The key question is at play is where on the planet lies a quintessential spot to detect the Anthropocene: to place the so-called “golden spike”. It must be a location where the rock formation is easily recognizable wherever it occurs around the world. For instance, anywhere in the world you go, rock of 67M old has a thin layer of iridium in it, made when a massive asteroid hit the planet, forming the Gulf of Mexico and spelling the end of the Cretaceous and the large dinosaurs. As late as last year, the list of candidates included sites around the world, including Flinders Reef (coral), Coral Sea, Australia, Vienna Museum Excavation (urban soil), Austria, and San Francisco Estuary (marine sediments), California, USA. The latest news is the sites have been narrowed down to just a few and voting of the final one could be a soon as next month.

Why should we care about the Anthropocene? Does it impact our daily lives? Not really. In fact, it’s our daily lives that are creating it. And, really, that’s just the point. Although it is the product of robust scientific analysis – we’re having an effect on the Earth’s crust in a measurable way – it’s also a tool for communication for those of us who are lucky enough to be able to use it.

So is it good news? I hope so. Science has provided us the knowledge and the tools and that can’t be underestimated.

But why were we ready to act to protect the ozone layer and won’t do the same for climate? In a thoughtful article in Time Magazine in 2019, Olivia Waxman concludes that dealing with the ozone was simpler (banning one type of propellant) than addressing climate (overhauling the entire energy system) and climatic shifts are too slow and variable to be immediately recognizable. The whole system is so massive that it takes many years to show a pattern of change and even then it’s inconsistent from year to year and place to place.

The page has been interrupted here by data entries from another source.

(* For each $(\varepsilon,\delta)\in(0,1)\times(0,\delta_0]$, $$\mathcal R^\ast(\varepsilon,\delta|p_{X_1X_2},p_{K_1K_2})\subseteq\mathcal R_{\rm sw}(p_{X_1X_2}).$$
   Context: All logarithms are base 2. $\mathcal X_1,\mathcal X_2$ are finite fields. $(X_1,X_2)$ has joint pmf $p_{X_1X_2}$ on $\mathcal X_1\times\mathcal X_2$ and $(K_1,K_2)$ has joint pmf $p_{K_1K_2}$ on $\mathcal X_1\times\mathcal X_2$. For block length $n$, $(\mathbf X_1,\mathbf X_2)$ is i.i.d. with law $p^n_{X_1X_2}$ (source), $(\mathbf K_1,\mathbf K_2)$ is i.i.d. with law $p^n_{K_1K_2}$ (keys), and the keys are independent of the sources. A distributed source encryption system at block length $n$ consists of finite sets $\mathcal C_i^{(n)}$, encryption maps $\Phi_i^{(n)}:\mathcal X_i^n\times\mathcal X_i^n\to\mathcal C_i^{(n)}$ (key, plaintext) and a decryption map $\Psi^{(n)}:\mathcal X_1^n\times\mathcal X_2^n\times\mathcal C_1^{(n)}\times\mathcal C_2^{(n)}\to\mathcal X_1^n\times\mathcal X_2^n$, such that there exist maps $\phi_i^{(n)}:\mathcal X_i^n\to\mathcal M_i^{(n)}$ (finite $\mathcal M_i^{(n)}$) and $\psi^{(n)}$ with $\Psi^{(n)}(\mathbf k_1,\mathbf k_2,\Phi_1^{(n)}(\mathbf k_1,\mathbf x_1),\Phi_2^{(n)}(\mathbf k_2,\mathbf x_2))=\psi^{(n)}(\phi_1^{(n)}(\mathbf x_1),\phi_2^{(n)}(\mathbf x_2))$ for all keys and plaintexts. Ciphertexts: $C_i^{(n)}=\Phi_i^{(n)}(\mathbf K_i,\mathbf X_i)$. Correct decoding set $\mathcal D^{(n)}:=\{(\mathbf x_1,\mathbf x_2):\psi^{(n)}(\phi_1^{(n)}(\mathbf x_1),\phi_2^{(n)}(\mathbf x_2))=(\mathbf x_1,\mathbf x_2)\}$; error probability $p_{\rm e}:=\Pr[(\mathbf X_1,\mathbf X_2)\notin\mathcal D^{(n)}]$. Fix a constant $\delta_0>0$. For $(\varepsilon,\delta)\in(0,1)\times[0,\delta_0]$, $(R_1,R_2)$ is an $(\varepsilon,\delta)$-reliable and secure rate pair if there is a sequence of systems $\{(\Phi_1^{(n)},\Phi_2^{(n)},\Psi^{(n)})\}_{n\ge1}$ such that for every $\gamma>0$ there is $n_0$ with, for all $n\ge n_0$: $\frac1n\log|\mathcal C_i^{(n)}|\le R_i+\gamma$ ($i=1,2$), $p_{\rm e}\le\varepsilon$, and $I(C_1^{(n)}C_2^{(n)};\mathbf X_1\mathbf X_2)\le\delta$. $\mathcal R^\ast(\varepsilon,\delta|p_{X_1X_2},p_{K_1K_2})$ is the set of such pairs. $\mathcal R_{\rm sw}(p_{X_1X_2}):=\{(R_1,R_2):R_1\ge H(X_1|X_2),R_2\ge H(X_2|X_1),R_1+R_2\ge H(X_1X_2)\}$. *)

theory Defs
  imports "HOL-Probability.Probability"
begin

definition entropy2 :: "'a pmf \<Rightarrow> real" where
  "entropy2 q = - (\<Sum>z\<in>set_pmf q. pmf q z * log 2 (pmf q z))"

definition mutual_info2 :: "('a \<times> 'b) pmf \<Rightarrow> real" where
  "mutual_info2 q = (\<Sum>z\<in>set_pmf q. pmf q z *
      log 2 (pmf q z / (pmf (map_pmf fst q) (fst z) * pmf (map_pmf snd q) (snd z))))"

definition iid_block :: "nat \<Rightarrow> ('a \<times> 'b) pmf \<Rightarrow> ('a list \<times> 'b list) pmf" where
  "iid_block n p = map_pmf (\<lambda>zs. (map fst zs, map snd zs)) (replicate_pmf n p)"

text \<open>Valid distributed source encryption system at block length n
  (finite sets are represented as finite subsets of nat).
  Phi_i takes (key, plaintext); Psi takes (k1, k2, c1, c2).\<close>
definition is_dse_system ::
  "nat \<Rightarrow> nat set \<Rightarrow> nat set
   \<Rightarrow> ('a list \<Rightarrow> 'a list \<Rightarrow> nat) \<Rightarrow> ('b list \<Rightarrow> 'b list \<Rightarrow> nat)
   \<Rightarrow> ('a list \<Rightarrow> 'b list \<Rightarrow> nat \<Rightarrow> nat \<Rightarrow> 'a list \<times> 'b list)
   \<Rightarrow> nat set \<Rightarrow> nat set \<Rightarrow> ('a list \<Rightarrow> nat) \<Rightarrow> ('b list \<Rightarrow> nat)
   \<Rightarrow> (nat \<Rightarrow> nat \<Rightarrow> 'a list \<times> 'b list) \<Rightarrow> bool" where
  "is_dse_system n C1 C2 Phi1 Phi2 Psi M1 M2 phi1 phi2 psi \<longleftrightarrow>
     finite C1 \<and> finite C2 \<and> finite M1 \<and> finite M2 \<and>
     (\<forall>k x. length k = n \<longrightarrow> length x = n \<longrightarrow> Phi1 k x \<in> C1) \<and>
     (\<forall>k x. length k = n \<longrightarrow> length x = n \<longrightarrow> Phi2 k x \<in> C2) \<and>
     (\<forall>x. length x = n \<longrightarrow> phi1 x \<in> M1) \<and>
     (\<forall>x. length x = n \<longrightarrow> phi2 x \<in> M2) \<and>
     (\<forall>k1 k2 x1 x2. length k1 = n \<longrightarrow> length k2 = n \<longrightarrow> length x1 = n \<longrightarrow> length x2 = n \<longrightarrow>
        Psi k1 k2 (Phi1 k1 x1) (Phi2 k2 x2) = psi (phi1 x1) (phi2 x2))"

definition cipher_source_joint ::
  "nat \<Rightarrow> ('a \<times> 'b) pmf \<Rightarrow> ('a \<times> 'b) pmf
   \<Rightarrow> ('a list \<Rightarrow> 'a list \<Rightarrow> nat) \<Rightarrow> ('b list \<Rightarrow> 'b list \<Rightarrow> nat)
   \<Rightarrow> ((nat \<times> nat) \<times> ('a list \<times> 'b list)) pmf" where
  "cipher_source_joint n pX pK Phi1 Phi2 =
     do { x \<leftarrow> iid_block n pX; k \<leftarrow> iid_block n pK;
          return_pmf ((Phi1 (fst k) (fst x), Phi2 (snd k) (snd x)), x) }"

definition error_prob ::
  "nat \<Rightarrow> ('a \<times> 'b) pmf \<Rightarrow> ('a list \<Rightarrow> nat) \<Rightarrow> ('b list \<Rightarrow> nat)
   \<Rightarrow> (nat \<Rightarrow> nat \<Rightarrow> 'a list \<times> 'b list) \<Rightarrow> real" where
  "error_prob n pX phi1 phi2 psi =
     measure_pmf.prob (iid_block n pX) {x. psi (phi1 (fst x)) (phi2 (snd x)) \<noteq> x}"

definition reliable_secure_region ::
  "real \<Rightarrow> real \<Rightarrow> ('a::{finite,field} \<times> 'b::{finite,field}) pmf \<Rightarrow> ('a \<times> 'b) pmf \<Rightarrow> (real \<times> real) set" where
  "reliable_secure_region eps delta pX pK = {(R1, R2).
     \<exists>(C1 :: nat \<Rightarrow> nat set) (C2 :: nat \<Rightarrow> nat set)
      (Phi1 :: nat \<Rightarrow> 'a list \<Rightarrow> 'a list \<Rightarrow> nat) (Phi2 :: nat \<Rightarrow> 'b list \<Rightarrow> 'b list \<Rightarrow> nat)
      (Psi :: nat \<Rightarrow> 'a list \<Rightarrow> 'b list \<Rightarrow> nat \<Rightarrow> nat \<Rightarrow> 'a list \<times> 'b list)
      (M1 :: nat \<Rightarrow> nat set) (M2 :: nat \<Rightarrow> nat set)
      (phi1 :: nat \<Rightarrow> 'a list \<Rightarrow> nat) (phi2 :: nat \<Rightarrow> 'b list \<Rightarrow> nat)
      (psi :: nat \<Rightarrow> nat \<Rightarrow> nat \<Rightarrow> 'a list \<times> 'b list).
       (\<forall>n. is_dse_system n (C1 n) (C2 n) (Phi1 n) (Phi2 n) (Psi n) (M1 n) (M2 n)
                (phi1 n) (phi2 n) (psi n)) \<and>
       (\<forall>\<gamma>>0. \<exists>n0. \<forall>n\<ge>n0.
          log 2 (real (card (C1 n))) / real n \<le> R1 + \<gamma> \<and>
          log 2 (real (card (C2 n))) / real n \<le> R2 + \<gamma> \<and>
          error_prob n pX (phi1 n) (phi2 n) (psi n) \<le> eps \<and>
          mutual_info2 (cipher_source_joint n pX pK (Phi1 n) (Phi2 n)) \<le> delta)}"

text \<open>Slepian--Wolf region.  H(X1|X2) = H(X1X2) - H(X2), H(X2|X1) = H(X1X2) - H(X1).\<close>
definition sw_region :: "('a \<times> 'b) pmf \<Rightarrow> (real \<times> real) set" where
  "sw_region p = {(R1, R2).
     R1 \<ge> entropy2 p - entropy2 (map_pmf snd p) \<and>
     R2 \<ge> entropy2 p - entropy2 (map_pmf fst p) \<and>
     R1 + R2 \<ge> entropy2 p}"

end

theory Submission
  imports Defs
begin

(* Fix any key. The decoder recovers each correctly decoded block from the two ciphertexts,
   so encryption under that key is injective on the correct-decoding set D. Hence
   |D| <= |C1| |C2|, and each fibre of D over an X2-block has at most |C1| elements, so the
   sum over D of p_X2^n(x2) is at most |C1|; symmetrically for X1.
   For a weight g and G(D) = sum over D of prod_i g(z_i), the Chernoff-type bound
     P^n(D) <= t G(D) + t^(1-a) (sum_z P(z)^a g(z)^(1-a))^n        (t > 0, a > 1)
   with a close to 1 shows that P^n(D) -> 0 whenever G(D) <= 2^(nR) with R < -D(P||g).
   Taking g = 1, g = p_X2 and g = p_X1 gives the bounds H(X1X2), H(X1|X2) and H(X2|X1),
   since otherwise P^n(D) >= 1 - eps > 0 fails. *)

lemma pmf_replicate_pmf:
  "pmf (replicate_pmf n p) xs = (if length xs = n then (\<Prod>x\<leftarrow>xs. pmf p x) else 0)"
proof (induction n arbitrary: xs)
  case 0
  then show ?case by (cases xs) (auto simp: pmf_return)
next
  case (Suc n)
  show ?case
  proof (cases xs)
    case Nil
    have "[] \<notin> set_pmf (replicate_pmf (Suc n) p)"
      unfolding set_replicate_pmf by simp
    then show ?thesis using Nil by (simp only: set_pmf_iff) simp
  next
    case (Cons y ys)
    have "replicate_pmf (Suc n) p = map_pmf (\<lambda>(x, xs). x # xs) (pair_pmf p (replicate_pmf n p))"
      by (simp add: pair_pmf_def map_pmf_def bind_assoc_pmf bind_return_pmf)
    moreover have "inj (\<lambda>(x :: 'a, xs). x # xs)" by (auto simp: inj_def)
    ultimately have "pmf (replicate_pmf (Suc n) p) xs = pmf (pair_pmf p (replicate_pmf n p)) (y, ys)"
      using pmf_map_inj' Cons by (metis case_prod_conv)
    then show ?thesis using Suc.IH[of ys] Cons by (simp add: pmf_pair)
  qed
qed

lemma finite_lists_length: "finite {xs :: 'a::finite list. length xs = n}"
  using finite_lists_length_eq[of "UNIV :: 'a set" n] by simp

lemma sum_prod_list_lists_length:
  fixes h :: "'a::finite \<Rightarrow> 'b::comm_semiring_1"
  shows "(\<Sum>xs | length xs = n. \<Prod>x\<leftarrow>xs. h x) = (\<Sum>x\<in>UNIV. h x) ^ n"
proof (induction n)
  case 0
  then show ?case by simp
next
  case (Suc n)
  have lists: "{xs :: 'a list. length xs = Suc n} = (\<lambda>(x, xs). x # xs) ` (UNIV \<times> {xs. length xs = n})"
    by (auto simp: length_Suc_conv image_iff)
  have "inj_on (\<lambda>(x :: 'a, xs). x # xs) (UNIV \<times> {xs. length xs = n})"
    by (auto simp: inj_on_def)
  then have "(\<Sum>xs | length xs = Suc n. \<Prod>x\<leftarrow>xs. h x)
      = (\<Sum>(x, xs)\<in>UNIV \<times> {xs. length xs = n}. h x * (\<Prod>x\<leftarrow>xs. h x))"
    unfolding lists by (subst sum.reindex) (simp_all add: case_prod_unfold)
  also have "\<dots> = (\<Sum>x\<in>UNIV. h x) * (\<Sum>xs | length xs = n. \<Prod>x\<leftarrow>xs. h x)"
    by (simp add: sum_product sum.cartesian_product)
  finally show ?case using Suc.IH by simp
qed

lemma sum_prod_pmf_lists_length:
  fixes q :: "'a::finite pmf"
  shows "(\<Sum>xs | length xs = n. \<Prod>x\<leftarrow>xs. pmf q x) = 1"
  by (simp add: sum_prod_list_lists_length sum_pmf_eq_1)

lemma prod_list_map_mult:
  "(\<Prod>x\<leftarrow>xs. f x) * (\<Prod>x\<leftarrow>xs. g x) = (\<Prod>x\<leftarrow>xs. f x * g x :: 'a::comm_monoid_mult)"
  by (induction xs) (auto simp: algebra_simps)

lemma prod_list_map_powr:
  "\<forall>x\<in>set xs. 0 \<le> (f x :: real) \<Longrightarrow> (\<Prod>x\<leftarrow>xs. f x) powr a = (\<Prod>x\<leftarrow>xs. f x powr a)"
  by (induction xs) (auto simp: powr_mult prod_list_nonneg)

definition rel_entropy2 :: "'a pmf \<Rightarrow> ('a \<Rightarrow> real) \<Rightarrow> real" where
  "rel_entropy2 p g = (\<Sum>z\<in>set_pmf p. pmf p z * log 2 (pmf p z / g z))"

lemma rel_entropy2_const_one: "rel_entropy2 p (\<lambda>_. 1) = - entropy2 p"
  by (simp add: rel_entropy2_def entropy2_def)

lemma sum_pmf_mult_log_comp:
  fixes p :: "'z::finite pmf"
  shows "(\<Sum>z\<in>set_pmf p. pmf p z * log 2 (pmf (map_pmf f p) (f z))) = - entropy2 (map_pmf f p)"
proof -
  let ?h = "\<lambda>y. log 2 (pmf (map_pmf f p) y)"
  have "(\<Sum>z\<in>set_pmf p. pmf p z * ?h (f z)) = (\<integral>z. ?h (f z) \<partial>measure_pmf p)"
    by (subst integral_measure_pmf_real[of "set_pmf p"]) (auto simp: mult.commute)
  also have "\<dots> = (\<integral>y. ?h y \<partial>measure_pmf (map_pmf f p))" by simp
  also have "\<dots> = (\<Sum>y\<in>set_pmf (map_pmf f p). pmf (map_pmf f p) y * ?h y)"
    by (subst integral_measure_pmf_real[of "set_pmf (map_pmf f p)"]) (auto simp: mult.commute)
  finally show ?thesis by (simp add: entropy2_def)
qed

lemma rel_entropy2_marginal:
  fixes p :: "'z::finite pmf"
  shows "rel_entropy2 p (\<lambda>z. pmf (map_pmf f p) (f z)) = entropy2 (map_pmf f p) - entropy2 p"
proof -
  have "rel_entropy2 p (\<lambda>z. pmf (map_pmf f p) (f z))
      = (\<Sum>z\<in>set_pmf p. pmf p z * log 2 (pmf p z) - pmf p z * log 2 (pmf (map_pmf f p) (f z)))"
    unfolding rel_entropy2_def
  proof (intro sum.cong refl)
    fix z assume "z \<in> set_pmf p"
    then have "0 < pmf p z" "0 < pmf (map_pmf f p) (f z)" by (simp_all add: pmf_positive)
    then show "pmf p z * log 2 (pmf p z / pmf (map_pmf f p) (f z))
        = pmf p z * log 2 (pmf p z) - pmf p z * log 2 (pmf (map_pmf f p) (f z))"
      by (simp add: log_divide right_diff_distrib)
  qed
  then show ?thesis by (simp add: sum_subtractf sum_pmf_mult_log_comp entropy2_def)
qed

I’m hopeful, however, not only because history has shown that actions like the Montreal Protocol was able to happen back in the 80’s but that the High Seas Treaty is happening now. We have become a version of the asteroid at the Cretaceous–Paleogene boundary. If we are going to make a difference, it’s actions like these international agreements that provide a roadmap – and boundaries – for human occupation on Earth.